▸ **RECORDS FOR PROCESSING**:
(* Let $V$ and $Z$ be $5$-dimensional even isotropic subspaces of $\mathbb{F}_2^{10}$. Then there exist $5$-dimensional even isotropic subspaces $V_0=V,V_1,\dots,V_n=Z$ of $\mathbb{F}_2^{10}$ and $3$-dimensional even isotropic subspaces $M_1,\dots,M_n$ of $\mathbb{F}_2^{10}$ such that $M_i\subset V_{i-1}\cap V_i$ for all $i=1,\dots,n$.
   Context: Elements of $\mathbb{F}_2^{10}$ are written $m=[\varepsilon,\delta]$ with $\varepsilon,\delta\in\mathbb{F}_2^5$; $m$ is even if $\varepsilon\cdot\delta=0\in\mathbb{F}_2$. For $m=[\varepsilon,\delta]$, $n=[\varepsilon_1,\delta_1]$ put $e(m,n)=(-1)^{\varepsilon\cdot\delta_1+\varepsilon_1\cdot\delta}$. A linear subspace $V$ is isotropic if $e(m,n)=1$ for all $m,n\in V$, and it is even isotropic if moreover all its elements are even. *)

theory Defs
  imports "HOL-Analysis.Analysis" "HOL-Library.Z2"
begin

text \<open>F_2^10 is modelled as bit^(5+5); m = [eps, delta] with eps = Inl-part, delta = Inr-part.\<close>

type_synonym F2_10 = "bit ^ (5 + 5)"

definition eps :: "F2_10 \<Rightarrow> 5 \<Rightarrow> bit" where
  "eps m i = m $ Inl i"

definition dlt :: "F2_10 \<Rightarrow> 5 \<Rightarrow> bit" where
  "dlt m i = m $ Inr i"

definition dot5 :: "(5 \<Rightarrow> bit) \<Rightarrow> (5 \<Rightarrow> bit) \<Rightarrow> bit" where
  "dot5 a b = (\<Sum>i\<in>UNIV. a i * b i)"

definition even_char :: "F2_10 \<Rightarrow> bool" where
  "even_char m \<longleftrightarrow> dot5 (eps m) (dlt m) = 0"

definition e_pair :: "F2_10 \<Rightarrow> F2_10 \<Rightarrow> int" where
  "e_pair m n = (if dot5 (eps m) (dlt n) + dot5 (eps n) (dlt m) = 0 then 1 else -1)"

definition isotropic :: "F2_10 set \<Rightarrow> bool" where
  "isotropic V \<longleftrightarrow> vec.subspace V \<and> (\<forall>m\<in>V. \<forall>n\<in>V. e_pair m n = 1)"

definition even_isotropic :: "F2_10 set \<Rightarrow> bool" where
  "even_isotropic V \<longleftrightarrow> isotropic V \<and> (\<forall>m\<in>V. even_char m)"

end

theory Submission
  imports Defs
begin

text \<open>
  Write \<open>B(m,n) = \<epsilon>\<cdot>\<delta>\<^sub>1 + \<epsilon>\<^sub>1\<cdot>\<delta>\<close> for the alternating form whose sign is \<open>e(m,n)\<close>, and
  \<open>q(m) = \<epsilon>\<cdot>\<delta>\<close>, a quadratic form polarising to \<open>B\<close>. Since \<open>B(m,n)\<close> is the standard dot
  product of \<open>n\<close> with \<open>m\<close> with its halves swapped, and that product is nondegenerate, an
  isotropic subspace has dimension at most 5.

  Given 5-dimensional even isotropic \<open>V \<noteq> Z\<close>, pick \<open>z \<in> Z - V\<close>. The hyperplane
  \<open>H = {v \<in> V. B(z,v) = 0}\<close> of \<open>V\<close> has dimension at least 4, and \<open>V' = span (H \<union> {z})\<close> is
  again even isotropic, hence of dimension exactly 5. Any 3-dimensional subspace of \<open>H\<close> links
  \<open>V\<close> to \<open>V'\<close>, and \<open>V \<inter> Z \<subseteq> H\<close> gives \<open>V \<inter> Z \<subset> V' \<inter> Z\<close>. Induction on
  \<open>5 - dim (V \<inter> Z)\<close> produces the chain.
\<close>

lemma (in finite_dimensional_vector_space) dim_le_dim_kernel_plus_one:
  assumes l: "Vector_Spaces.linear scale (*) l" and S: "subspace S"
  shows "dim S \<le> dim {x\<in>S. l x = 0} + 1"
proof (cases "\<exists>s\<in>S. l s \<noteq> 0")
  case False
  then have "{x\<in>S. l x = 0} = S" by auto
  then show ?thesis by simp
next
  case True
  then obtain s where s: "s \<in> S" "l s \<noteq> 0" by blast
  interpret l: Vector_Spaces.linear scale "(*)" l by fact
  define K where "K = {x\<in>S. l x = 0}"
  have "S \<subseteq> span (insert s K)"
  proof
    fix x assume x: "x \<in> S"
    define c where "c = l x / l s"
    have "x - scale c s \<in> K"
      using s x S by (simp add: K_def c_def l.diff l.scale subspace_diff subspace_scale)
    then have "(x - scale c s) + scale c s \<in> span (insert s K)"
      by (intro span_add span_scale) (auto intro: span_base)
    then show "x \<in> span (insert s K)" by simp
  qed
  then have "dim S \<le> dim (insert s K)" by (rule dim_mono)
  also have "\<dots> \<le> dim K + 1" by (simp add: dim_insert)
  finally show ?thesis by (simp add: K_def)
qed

▸ **WORK REQUIRED**: Start at the line with "produces the chain.". Give that line and every line after it again, word for word, through the last line above.

▸ **EXERCISE ANSWER**:
  \<open>5 - dim (V \<inter> Z)\<close> produces the chain.
\<close>

lemma (in finite_dimensional_vector_space) dim_le_dim_kernel_plus_one:
  assumes l: "Vector_Spaces.linear scale (*) l" and S: "subspace S"
  shows "dim S \<le> dim {x\<in>S. l x = 0} + 1"
proof (cases "\<exists>s\<in>S. l s \<noteq> 0")
  case False
  then have "{x\<in>S. l x = 0} = S" by auto
  then show ?thesis by simp
next
  case True
  then obtain s where s: "s \<in> S" "l s \<noteq> 0" by blast
  interpret l: Vector_Spaces.linear scale "(*)" l by fact
  define K where "K = {x\<in>S. l x = 0}"
  have "S \<subseteq> span (insert s K)"
  proof
    fix x assume x: "x \<in> S"
    define c where "c = l x / l s"
    have "x - scale c s \<in> K"
      using s x S by (simp add: K_def c_def l.diff l.scale subspace_diff subspace_scale)
    then have "(x - scale c s) + scale c s \<in> span (insert s K)"
      by (intro span_add span_scale) (auto intro: span_base)
    then show "x \<in> span (insert s K)" by simp
  qed
  then have "dim S \<le> dim (insert s K)" by (rule dim_mono)
  also have "\<dots> \<le> dim K + 1" by (simp add: dim_insert)
  finally show ?thesis by (simp add: K_def)
qed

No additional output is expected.